Mon Feb 12 12:56:34 PST 2007

On Mon, Feb 12, 2007 at 09:23:06AM -0800, Sean Hefty wrote:
> >Ah, I think I missed the key step in your scheme.. You plan to query
> >the local SM for SGID=remote DGID=local? (ie reversed from 'normal'. I
> >was thinking only about the SGID=local DGID=remote query direction)
> 
> I'm not sure that the query needs the GIDs reversed, as long as the path is 
> reversible.  So, the local query would be:
> 
> SGID=local, DGID=remote, reversible=1   (to SA)
> 
> And the remote query would be:
>
> SGID=local, DGID=remote, reversible=1,  (to SA')
> TClass & FlowLabel=from previous query response

1) What does the TClass and FlowLabel returned from SGID=local
   DGID=remote mean?
   Do you use it in the Node1 -> Node2 direction or the Node2 -> Node1 direction
   or both?
1a) If it is Node1 -> Node2 then the local SA has to query SA' to figure
    what FlowLabel to return.
1b) If it is for both directions then somehow SA, SA' and all four
    router ports need to agree on global flowlabels.
2) In the 2nd query, passing SGID=local, DGID=remote is 'reversed' 
   since SGID=local is the wrong subnet for SA'.
   I think defining this to mean something is risky.
2b) A PR query with TClass and FlowLabel present in the query is
    currently expected to return an answer with those fields matching.
    That implies #1b..

So, here is how I see this working..

- There is a single well known 'reversible' flowlabel. When a router
  processes a GRH with that flowlabel it produces a packet that
  has a SLID that is always the same, no matter what router port is
  used (A' or B' in my example). The LRH is also reversible according
  to the rules in IBA.

  A well known value side-steps the global information problem and
  allows the GRH to be reversible.
- Whenever a PR has reversible=1 the result returns the well known flowlabel.
  The router LID is always the single shared SLID.
- To get a more optimal path the following sequence of queries are used:
  to SA: SGID=Node1 DGID=Node2
   [In the background SA asks SA' what flow label to use]
  to SA': SGID=Node1 DGID=Node2 FlowLabel=(from above)
  to SA': SGID=Node2 DGID=Node1 SLID=(dlid from above)
   [In the background SA' asks SA what flow label to use]
  to SA: SGID=Node2 DGID=Node1 FlowLabel=(from above)

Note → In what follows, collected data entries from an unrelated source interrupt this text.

(* Let $(X,d)$ be a compact doubling metric space with $\operatorname{diam}(X,d)=1/2$ and $\mathcal S$ a hyperbolic filling with parameters $a\ge\lambda\ge6$. Let $\rho:\mathcal S\to(0,\infty)$ satisfy (H1), (H2), (H3). Define $\Theta_\rho(x,x)=0$ and, for distinct $x,y\in X$, \[ \Theta_\rho(x,y)=\inf\Big\{\sum_{i=0}^{k-1}\pi(c(x_i,x_{i+1})):k\in\mathbb N,\ x_0=x,\ x_k=y,\ x_i\in X,\ x_i\neq x_{i+1}\Big\}. \] Then $\Theta_\rho$ is a metric on $X$ and $\Theta_\rho\in\mathcal J_p(X,d)$.
   Context: Hyperbolic filling: $X_0\subset X_1\subset\cdots$ increasing, $X_n$ maximal $a^{-n}$-separated in $X$ ($X_0=\{x_0\}$); $\mathcal S_n=\{(x,n):x\in X_n\}$, $\mathcal S=\bigcup_n\mathcal S_n$, $\pi_1(x,n)=x$, $\pi_2(x,n)=n$, $v_0=(x_0,0)$, $B_v=B(\pi_1(v),a^{-\pi_2(v)})$. Each $(x,n)$, $n\ge1$, has a fixed parent $(y,n-1)$ with $d(x,y)=\min_{z\in X_{n-1}}d(x,z)$. The genealogy $g(v)$ of $v\in\mathcal S_k$ is $(v_0,\dots,v_k=v)$ with $v_i$ the parent of $v_{i+1}$. Graph $(\mathcal S,D_2)$: edges between a vertex and its parent, and horizontal edges between distinct $(x,n),(y,n)$ with $B(x,\lambda a^{-n})\cap B(y,\lambda a^{-n})\ne\emptyset$. Paths are finite sequences of vertices with consecutive ones adjacent. $\pi(v)=\prod_{w\in g(v)}\rho(w)$, $L_\rho(\gamma)=\sum_{v\in\gamma}\pi(v)$. For distinct $x,y$: $\tilde n$ is the largest integer with $\{x,y\}\subset B(\tilde z,2a^{-\tilde n})$ for some $(\tilde z,\tilde n)\in\mathcal S$; $c(x,y)=\{(\tilde z,\tilde n)\in\mathcal S:\{x,y\}\subset B(\tilde z,2a^{-\tilde n})\}$; $\pi(c(x,y))=\max_{w\in c(x,y)}\pi(w)$. $\Gamma_n(x,y)$: paths $(v_1,\dots,v_k)$ with $\pi_2(v_1)=\pi_2(v_k)=n$, $x\in B_{v_1}$, $y\in B_{v_k}$. (H1) $0<\eta_-\le\rho\le\eta_+<1$. (H2) $\pi(v)\le K_0\pi(w)$ for horizontally adjacent $v,w$, some $K_0\ge1$. (H3) there is $K_1\ge1$ such that for distinct $x,y$ there is $n_0$ with $L_\rho(\gamma)\ge K_1^{-1}\pi(c(x,y))$ for $n\ge n_0$, $\gamma\in\Gamma_n(x,y)$. $\mathcal J_p(X,d)$: metrics $\theta$ on $X$ with $\theta(x,a)/\theta(x,b)\le C((d(x,a)/d(x,b))^\alpha\vee(d(x,a)/d(x,b))^{1/\alpha})$ for all $x,a,b$, $x\ne b$, for some $C,\alpha\ge1$. *)

theory Defs
  imports "HOL-Analysis.Analysis"
begin

text \<open>Metric space: a carrier X inside a metric_space type, with d = dist.
Vertices of the hyperbolic filling are pairs (x, n) :: 'a \<times> nat.\<close>

definition doubling :: "'a::metric_space set \<Rightarrow> bool" where
  "doubling X \<longleftrightarrow> (\<exists>N::nat. \<forall>x\<in>X. \<forall>r>0. \<exists>F. F \<subseteq> X \<and> finite F \<and> card F \<le> N \<and>
      ball x (2*r) \<inter> X \<subseteq> (\<Union>y\<in>F. ball y r))"

definition separated :: "'a::metric_space set \<Rightarrow> real \<Rightarrow> bool" where
  "separated A r \<longleftrightarrow> (\<forall>x\<in>A. \<forall>y\<in>A. x \<noteq> y \<longrightarrow> r \<le> dist x y)"

definition max_separated :: "'a::metric_space set \<Rightarrow> 'a set \<Rightarrow> real \<Rightarrow> bool" where
  "max_separated X A r \<longleftrightarrow> A \<subseteq> X \<and> separated A r \<and>
     (\<forall>B. A \<subseteq> B \<and> B \<subseteq> X \<and> separated B r \<longrightarrow> B = A)"

definition hyperbolic_filling ::
  "'a::metric_space set \<Rightarrow> real \<Rightarrow> real \<Rightarrow> (nat \<Rightarrow> 'a set) \<Rightarrow> 'a \<Rightarrow> ('a \<times> nat \<Rightarrow> 'a \<times> nat) \<Rightarrow> bool" where
  "hyperbolic_filling X a lam Xs x0 par \<longleftrightarrow>
     lam \<le> a \<and> 6 \<le> lam \<and> x0 \<in> X \<and> Xs 0 = {x0} \<and>
     (\<forall>n. Xs n \<subseteq> Xs (Suc n)) \<and>
     (\<forall>n. max_separated X (Xs n) (1 / a ^ n)) \<and>
     (\<forall>n x. x \<in> Xs (Suc n) \<longrightarrow>
        snd (par (x, Suc n)) = n \<and> fst (par (x, Suc n)) \<in> Xs n \<and>
        (\<forall>z\<in>Xs n. dist x (fst (par (x, Suc n))) \<le> dist x z))"
(* Let $2\le r<s$ be coprime integers and let $\pi=\langle u,v\mid u^r=v^s\rangle$ be the group of the $(r,s)$ torus knot, with meridian $m=u^nv^{-k}$ and longitude $l=v^s m^{-rs}$, where $k,n\in\mathbb{Z}$ satisfy $-rk+sn=1$. Let $X,Y\in H[\pi]$ be the images of $m,l$. Then $Y\in H^+[\pi][X^{\pm1}]$; i.e. every torus knot satisfies the Brumfiel–Hilden condition.
   Context: For a group $\pi$, the Brumfiel–Hilden algebra is $H[\pi]:=\mathbb{C}[\pi]/I$, where $I$ is the two-sided ideal of the group algebra generated by all elements $g(h+h^{-1})-(h+h^{-1})g$ with $g,h\in\pi$. $H^+[\pi]\subset H[\pi]$ is the subalgebra generated by the images of all $g+g^{-1}$, $g\in\pi$. For an element $X\in H[\pi]$ which is the image of a group element, $H^+[\pi][X^{\pm1}]$ denotes the subalgebra of $H[\pi]$ generated by $H^+[\pi]$, $X$ and $X^{-1}$. A knot $K\subset S^3$ with group $\pi=\pi_1(S^3\setminus K)$ and standard (commuting) meridian $m$ and longitude $l$ is said to satisfy the Brumfiel–Hilden condition if the image $Y$ of $l$ in $H[\pi]$ lies in $H^+[\pi][X^{\pm1}]$, where $X$ is the image of $m$. The element $m$ does not depend on the choice of the solution $(k,n)$. *)

theory Defs
  imports Complex_Main "HOL-Algebra.Group"
begin

type_synonym 'g galg = "'g \<Rightarrow> complex"

definition ga_elems :: "('g, 'b) monoid_scheme \<Rightarrow> 'g galg set" where
  "ga_elems G = {f. finite {x. f x \<noteq> 0} \<and> (\<forall>x. x \<notin> carrier G \<longrightarrow> f x = 0)}"

definition ga_delta :: "'g \<Rightarrow> 'g galg" where
  "ga_delta g = (\<lambda>x. if x = g then 1 else 0)"

definition ga_zero :: "'g galg" where
  "ga_zero = (\<lambda>x. 0)"

definition ga_add :: "'g galg \<Rightarrow> 'g galg \<Rightarrow> 'g galg" where
  "ga_add f h = (\<lambda>x. f x + h x)"

definition ga_smult :: "complex \<Rightarrow> 'g galg \<Rightarrow> 'g galg" where
  "ga_smult c f = (\<lambda>x. c * f x)"

definition ga_mult :: "('g, 'b) monoid_scheme \<Rightarrow> 'g galg \<Rightarrow> 'g galg \<Rightarrow> 'g galg" where
  "ga_mult G f h = (\<lambda>x. \<Sum>(y, z) \<in> {(y, z). f y \<noteq> 0 \<and> h z \<noteq> 0 \<and> y \<otimes>\<^bsub>G\<^esub> z = x}. f y * h z)"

  It is almost guarenteed that the FlowLabel will be asymetric. This
  is to keep the flowlabel space local to each subnet.

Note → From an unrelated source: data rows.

lemma components_nonempty: "A \<in> components V E \<Longrightarrow> A \<noteq> {}"
  unfolding components_def reachable_def by auto

lemma edge_in_components:
  assumes "{x, y} \<in> E" "x \<in> V" "y \<in> V"
  shows "\<exists>A\<in>components V E. x \<in> A \<and> y \<in> A"
proof
  let ?A = "{u \<in> V. reachable V E x u}"
  show "?A \<in> components V E" using assms(2) unfolding components_def by blast
  show "x \<in> ?A \<and> y \<in> ?A"
    using assms unfolding reachable_def by (simp add: r_into_rtranclp)
qed

definition isolated_in_deletion :: "'a set \<Rightarrow> 'a set set \<Rightarrow> 'a set \<Rightarrow> 'a set" where
  "isolated_in_deletion V E B = {x \<in> V - B. \<forall>y. {x, y} \<in> E \<longrightarrow> y \<in> B}"

lemma non_isolated_in_nontrivial_component:
  assumes "graph V E" and x: "x \<in> V - B" "x \<notin> isolated_in_deletion V E B"
  shows "\<exists>A\<in>components (V - B) (del_vertices_edges E B). x \<in> A \<and> 2 \<le> card A"
proof -
  obtain y where xy: "{x, y} \<in> E" "y \<notin> B"
    using x by (auto simp: isolated_in_deletion_def)
  have "y \<in> V" "x \<noteq> y" using graph_edgeD[OF assms(1) xy(1)] by auto
  moreover have "{x, y} \<in> del_vertices_edges E B"
    using x xy by (auto simp: del_vertices_edges_def)
  ultimately obtain A where A: "A \<in> components (V - B) (del_vertices_edges E B)" "x \<in> A" "y \<in> A"
    using edge_in_components x xy by (metis Diff_iff)
  have "finite A"
    using components_subset[OF A(1)] assms(1) by (auto simp: graph_def intro: finite_subset)
  then have "card {x, y} \<le> card A" using A by (intro card_mono) auto
  then have "2 \<le> card A" using \<open>x \<noteq> y\<close> by simp
  with A show ?thesis by blast
qed

lemma card_non_isolated_le:
  assumes g: "graph V E" and "B \<subseteq> V"
  defines "\<C> \<equiv> components (V - B) (del_vertices_edges E B)"
  shows "real (card (V - isolated_in_deletion V E B))
           \<le> real (card B) + 4 * (\<Sum>A\<in>\<C>. (real (card A) - 1) / 2)"
proof -
  define X where "X = V - B - isolated_in_deletion V E B"
  define \<C>\<^sub>2 where "\<C>\<^sub>2 = {A \<in> \<C>. 2 \<le> card A}"
  have finV: "finite V" using g by (simp add: graph_def)
  have \<C>_Pow: "\<C> \<subseteq> Pow V" using components_subset unfolding \<C>_def by blast
  then have finC: "finite \<C>" using finV by (simp add: finite_subset)
  have "V - isolated_in_deletion V E B = B \<union> X"
    using \<open>B \<subseteq> V\<close> by (auto simp: X_def isolated_in_deletion_def)
  then have "card (V - isolated_in_deletion V E B) \<le> card B + card X"
    by (simp add: card_Un_le)
  moreover have "card X \<le> card (\<Union>\<C>\<^sub>2)"
  proof (rule card_mono)
    show "finite (\<Union>\<C>\<^sub>2)" using \<C>_Pow finV by (auto simp: \<C>\<^sub>2_def intro: finite_subset)
    show "X \<subseteq> \<Union>\<C>\<^sub>2"
    proof
      fix x assume "x \<in> X"
      then obtain A where "A \<in> \<C>" "x \<in> A" "2 \<le> card A"
        using non_isolated_in_nontrivial_component[OF g] unfolding X_def \<C>_def by blast
      then show "x \<in> \<Union>\<C>\<^sub>2" unfolding \<C>\<^sub>2_def by blast
    qed
  qed
  moreover have "card (\<Union>\<C>\<^sub>2) \<le> (\<Sum>A\<in>\<C>\<^sub>2. card A)" by (rule card_Union_le_sum_card)
  moreover have "(\<Sum>A\<in>\<C>\<^sub>2. real (card A)) \<le> (\<Sum>A\<in>\<C>\<^sub>2. 4 * ((real (card A) - 1) / 2))"
    by (rule sum_mono) (simp add: \<C>\<^sub>2_def)
  moreover have "(\<Sum>A\<in>\<C>\<^sub>2. 4 * ((real (card A) - 1) / 2)) \<le> (\<Sum>A\<in>\<C>. 4 * ((real (card A) - 1) / 2))"
  proof (rule sum_mono2[OF finC])
    show "\<C>\<^sub>2 \<subseteq> \<C>" unfolding \<C>\<^sub>2_def by blast
    fix A assume "A \<in> \<C> - \<C>\<^sub>2"
    then have "A \<noteq> {}" "finite A"
      using components_nonempty[of A] \<C>_Pow finV unfolding \<C>_def by (auto dest: finite_subset)
    then show "0 \<le> 4 * ((real (card A) - 1) / 2)" by (simp add: Suc_leI card_gt_0_iff)
  qed
  ultimately show ?thesis
    by (simp only: sum_distrib_left[symmetric] of_nat_sum[symmetric] of_nat_le_iff[symmetric])
qed

lemma copies_edgeD: "c \<in> copies VH EH V E \<Longrightarrow> e \<in> snd c \<Longrightarrow> e \<in> E \<and> e \<subseteq> fst c"
  unfolding copies_def by fastforce

definition hom_image :: "'b set \<Rightarrow> 'b set set \<Rightarrow> ('b \<Rightarrow> 'a) \<Rightarrow> 'a set \<times> 'a set set" where
  "hom_image VH EH f = (f ` VH, {{f x, f y} | x y. x \<in> VH \<and> y \<in> VH \<and> {x, y} \<in> EH})"

lemma hom_image_restrict: "hom_image VH EH (restrict f VH) = hom_image VH EH f"
  unfolding hom_image_def by force

lemma copies_hom_image:
  assumes c: "c \<in> copies VH EH V E" and g: "graph V E"
  obtains f where "f \<in> VH \<rightarrow>\<^sub>E V" "c = hom_image VH EH f"
    "\<forall>x\<in>VH. \<forall>y\<in>VH. {x, y} \<in> EH \<longrightarrow> {f x, f y} \<in> E"
proof -
  obtain V' E' f where c_eq: "c = (V', E')" and "V' \<subseteq> V" "E' \<subseteq> E" and E'V': "\<forall>e\<in>E'. e \<subseteq> V'"
    and bij: "bij_betw f VH V'" and iff: "\<forall>x\<in>VH. \<forall>y\<in>VH. {x, y} \<in> EH \<longleftrightarrow> {f x, f y} \<in> E'"
    using c unfolding copies_def by blast
  have img: "f ` VH = V'" using bij by (simp add: bij_betw_def)
  have "E' = {{f x, f y} | x y. x \<in> VH \<and> y \<in> VH \<and> {x, y} \<in> EH}"
  proof (intro equalityI subsetI)
    fix e assume e: "e \<in> E'"
    obtain p q where "e = {p, q}"
      using e \<open>E' \<subseteq> E\<close> g unfolding graph_def by blast
    moreover have "p \<in> V'" "q \<in> V'" using e E'V' \<open>e = {p, q}\<close> by auto
    then obtain x y where "x \<in> VH" "y \<in> VH" "p = f x" "q = f y" using img by blast
    ultimately show "e \<in> {{f x, f y} | x y. x \<in> VH \<and> y \<in> VH \<and> {x, y} \<in> EH}"
      using e iff by blast
  qed (use iff in auto)
  then have "c = hom_image VH EH f" unfolding c_eq hom_image_def img by simp
  then have "c = hom_image VH EH (restrict f VH)" by (simp add: hom_image_restrict)
  moreover have "restrict f VH \<in> VH \<rightarrow>\<^sub>E V" using img \<open>V' \<subseteq> V\<close> by auto
  moreover have "\<forall>x\<in>VH. \<forall>y\<in>VH. {x, y} \<in> EH \<longrightarrow> {restrict f VH x, restrict f VH y} \<in> E"
    using iff \<open>E' \<subseteq> E\<close> by auto
  ultimately show ?thesis using that by blast
qed

lemma card_preimage_le_alpha_minus_1:
  assumes gH: "graph VH EH"
    and hom: "\<forall>x\<in>VH. \<forall>y\<in>VH. {x, y} \<in> EH \<longrightarrow> {f x, f y} \<in> E"
    and P: "\<forall>p\<in>P. \<forall>y. {p, y} \<in> E \<longrightarrow> y \<in> B" "P \<inter> B = {}"
    and u: "u \<in> VH" "f u \<notin> B" "f u \<notin> P"
  shows "card {x\<in>VH. f x \<in> P} \<le> alpha VH EH - 1"
proof -
  let ?S = "{x\<in>VH. f x \<in> P}"
  have "independent_set VH EH (insert u ?S)"
    unfolding independent_set_def
  proof (intro conjI ballI notI)
    fix e assume e: "e \<in> EH" and sub: "e \<subseteq> insert u ?S"
    obtain x y where xy: "e = {x, y}" "x \<noteq> y" "x \<in> VH" "y \<in> VH"
      using gH e unfolding graph_def by blast
    then have "{f x, f y} \<in> E" "{f y, f x} \<in> E" using hom e by (auto simp: insert_commute)
    then show False using sub xy P u by auto
  qed (use u in auto)
  then have "card (insert u ?S) \<le> alpha VH EH" by (rule card_le_alpha[OF gH])
  moreover have "card (insert u ?S) = card ?S + 1"
    using u gH by (simp add: graph_def)
  ultimately show ?thesis by simp
qed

  In the background quries SA and SA' also examine the global route
  topology to select an optimal no-spoof needed router LID. The
  background exchange is how the disambiguation problem with
  multiple-router path is solved.

Implicit in this are five IBA affecting things:
 - that PRs with SGID=non-local mean something specific
 - PRs with DGID=non-local cause the SA to communicate with the remote
   SA to learn the GRH's FlowLabel
   (except in the case where reversible=1)
 - clients can communicate with remote SA's
 - Routers do the SLID spoofing you outlined.
 - SA's and routers collaborate quite closely on how the
   router produces a LRH. In particular the SA controls the SLID
   spoofing

A new query type or maybe some kind of modified multi-path-record
query could be defined by IBA to reduce the 6 exchanges required to
something more efficient.

Does this match what you are thinking?

> >   SA                                                      SA'
> >Node1 --> (LID 1) Router A -------  Router A' (LID A) ---> Node2
> >      |-> (LID 2) Router A                              |
> >      |-> (LID 3) Router B -------  Router B' (LID B) --|
> >
> >Router A and Router B are independent redundant devices, not a route
> >cloud of some sort. B -> A' is not a possible path.
> 
> Since A' and B' connect to the same subnet, B -> A' should be a valid path.

Please don't dismiss this case as it is a simple case of a more
generalized problem. People will want to deploy primay and seconday
routers (like dual star switching) that don't intercommunicate for
reliability. The B -> A' path does not exist because the A and B
routers are seperate non-linked devices and not just 4 ports on one
large router. [A more general view would be a router ring architecture
where the clockwise and counterclockwise paths use different
hardware/cables]

There is alot of complex work in the router and SA side to make this
kind of topology work, but it is critical that the clients use path
queries that can provide enough data to the SA and return enough data
to the client to support this.

> >I can think of the following downsides:
> > 1) Re-reading Michael Krause's email makes me think that defeating
> >    the QP SLID check is contrary to the spirit of IBA
> 
> I don't think we need to defeat the QP SLID check if we want extra routing, 
> but having redundant routers use the same link layer address isn't 
> necessarily a bad thing.

Well, it is one and the same, the SLID is really only used in the QP
SLID check so changing it around only serves to defeat that check.

Jason